:: Task prompt ::
Output each line of the data word for word, from the first through the line that holds "(monoms m) \<le> ?k", and leave off whatever follows.

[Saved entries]
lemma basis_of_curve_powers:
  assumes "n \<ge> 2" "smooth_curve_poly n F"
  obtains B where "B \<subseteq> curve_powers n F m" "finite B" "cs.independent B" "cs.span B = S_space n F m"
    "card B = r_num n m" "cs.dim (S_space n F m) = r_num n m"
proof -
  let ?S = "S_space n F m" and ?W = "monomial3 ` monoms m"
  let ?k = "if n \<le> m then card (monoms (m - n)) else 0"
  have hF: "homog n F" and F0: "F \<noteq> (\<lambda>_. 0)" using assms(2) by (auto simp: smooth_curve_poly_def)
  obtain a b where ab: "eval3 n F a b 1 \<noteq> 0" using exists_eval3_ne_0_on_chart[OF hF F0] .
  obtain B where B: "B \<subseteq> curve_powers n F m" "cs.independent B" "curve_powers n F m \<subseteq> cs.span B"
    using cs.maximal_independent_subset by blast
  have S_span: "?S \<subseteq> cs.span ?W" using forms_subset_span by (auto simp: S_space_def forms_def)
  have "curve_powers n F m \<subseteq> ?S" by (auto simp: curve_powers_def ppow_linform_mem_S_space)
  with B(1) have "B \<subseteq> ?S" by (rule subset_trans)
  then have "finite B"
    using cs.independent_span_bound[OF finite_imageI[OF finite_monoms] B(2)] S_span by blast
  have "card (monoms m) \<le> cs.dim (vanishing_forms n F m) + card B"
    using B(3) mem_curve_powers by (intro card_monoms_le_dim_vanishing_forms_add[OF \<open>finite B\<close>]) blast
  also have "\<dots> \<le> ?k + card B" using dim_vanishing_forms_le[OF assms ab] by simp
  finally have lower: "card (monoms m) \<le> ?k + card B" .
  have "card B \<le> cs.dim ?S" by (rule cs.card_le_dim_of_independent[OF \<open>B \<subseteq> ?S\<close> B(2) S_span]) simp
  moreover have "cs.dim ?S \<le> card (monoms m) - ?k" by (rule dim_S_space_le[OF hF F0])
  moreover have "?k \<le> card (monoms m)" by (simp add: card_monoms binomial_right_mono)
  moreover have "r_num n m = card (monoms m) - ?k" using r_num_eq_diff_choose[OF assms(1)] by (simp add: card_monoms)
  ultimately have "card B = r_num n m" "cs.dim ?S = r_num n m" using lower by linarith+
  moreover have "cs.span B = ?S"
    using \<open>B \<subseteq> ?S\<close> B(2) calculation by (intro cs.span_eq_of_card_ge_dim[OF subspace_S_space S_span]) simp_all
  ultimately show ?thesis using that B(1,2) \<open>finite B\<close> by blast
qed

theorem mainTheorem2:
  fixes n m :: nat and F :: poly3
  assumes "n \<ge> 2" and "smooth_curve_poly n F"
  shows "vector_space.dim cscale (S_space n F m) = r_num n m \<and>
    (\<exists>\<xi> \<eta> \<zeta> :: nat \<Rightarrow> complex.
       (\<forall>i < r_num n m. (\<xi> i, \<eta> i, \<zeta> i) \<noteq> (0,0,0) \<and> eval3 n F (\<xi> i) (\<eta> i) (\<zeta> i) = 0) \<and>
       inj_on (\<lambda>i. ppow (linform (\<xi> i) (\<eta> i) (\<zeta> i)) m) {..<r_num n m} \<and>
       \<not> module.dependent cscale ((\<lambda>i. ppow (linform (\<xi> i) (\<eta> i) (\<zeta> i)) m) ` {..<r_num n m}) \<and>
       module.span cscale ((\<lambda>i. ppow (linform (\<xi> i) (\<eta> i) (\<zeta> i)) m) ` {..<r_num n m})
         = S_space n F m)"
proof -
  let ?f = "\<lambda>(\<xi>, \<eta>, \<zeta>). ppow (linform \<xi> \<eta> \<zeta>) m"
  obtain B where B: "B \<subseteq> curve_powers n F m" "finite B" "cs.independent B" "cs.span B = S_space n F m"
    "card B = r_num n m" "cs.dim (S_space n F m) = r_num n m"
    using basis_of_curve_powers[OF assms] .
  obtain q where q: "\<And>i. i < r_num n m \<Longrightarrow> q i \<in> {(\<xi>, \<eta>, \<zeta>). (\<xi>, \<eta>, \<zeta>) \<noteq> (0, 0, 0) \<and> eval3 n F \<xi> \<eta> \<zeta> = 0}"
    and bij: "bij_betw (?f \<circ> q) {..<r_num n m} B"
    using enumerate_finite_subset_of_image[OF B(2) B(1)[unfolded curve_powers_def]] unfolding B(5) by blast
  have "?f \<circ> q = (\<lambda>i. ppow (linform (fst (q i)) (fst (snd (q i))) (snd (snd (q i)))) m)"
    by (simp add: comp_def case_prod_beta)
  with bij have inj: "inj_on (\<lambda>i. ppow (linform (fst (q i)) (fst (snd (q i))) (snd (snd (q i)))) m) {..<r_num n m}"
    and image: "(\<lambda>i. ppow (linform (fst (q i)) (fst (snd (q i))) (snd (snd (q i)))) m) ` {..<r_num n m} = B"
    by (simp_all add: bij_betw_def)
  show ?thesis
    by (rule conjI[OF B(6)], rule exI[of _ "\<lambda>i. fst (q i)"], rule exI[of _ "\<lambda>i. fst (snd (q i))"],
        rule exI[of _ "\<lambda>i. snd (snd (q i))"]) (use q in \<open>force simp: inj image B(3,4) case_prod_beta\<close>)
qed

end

:: Your solution ::
lemma basis_of_curve_powers:
  assumes "n \<ge> 2" "smooth_curve_poly n F"
  obtains B where "B \<subseteq> curve_powers n F m" "finite B" "cs.independent B" "cs.span B = S_space n F m"
    "card B = r_num n m" "cs.dim (S_space n F m) = r_num n m"
proof -
  let ?S = "S_space n F m" and ?W = "monomial3 ` monoms m"
  let ?k = "if n \<le> m then card (monoms (m - n)) else 0"
  have hF: "homog n F" and F0: "F \<noteq> (\<lambda>_. 0)" using assms(2) by (auto simp: smooth_curve_poly_def)
  obtain a b where ab: "eval3 n F a b 1 \<noteq> 0" using exists_eval3_ne_0_on_chart[OF hF F0] .
  obtain B where B: "B \<subseteq> curve_powers n F m" "cs.independent B" "curve_powers n F m \<subseteq> cs.span B"
    using cs.maximal_independent_subset by blast
  have S_span: "?S \<subseteq> cs.span ?W" using forms_subset_span by (auto simp: S_space_def forms_def)
  have "curve_powers n F m \<subseteq> ?S" by (auto simp: curve_powers_def ppow_linform_mem_S_space)
  with B(1) have "B \<subseteq> ?S" by (rule subset_trans)
  then have "finite B"
    using cs.independent_span_bound[OF finite_imageI[OF finite_monoms] B(2)] S_span by blast
  have "card (monoms m) \<le> cs.dim (vanishing_forms n F m) + card B"
    using B(3) mem_curve_powers by (intro card_monoms_le_dim_vanishing_forms_add[OF \<open>finite B\<close>]) blast
  also have "\<dots> \<le> ?k + card B" using dim_vanishing_forms_le[OF assms ab] by simp
  finally have lower: "card (monoms m) \<le> ?k + card B" .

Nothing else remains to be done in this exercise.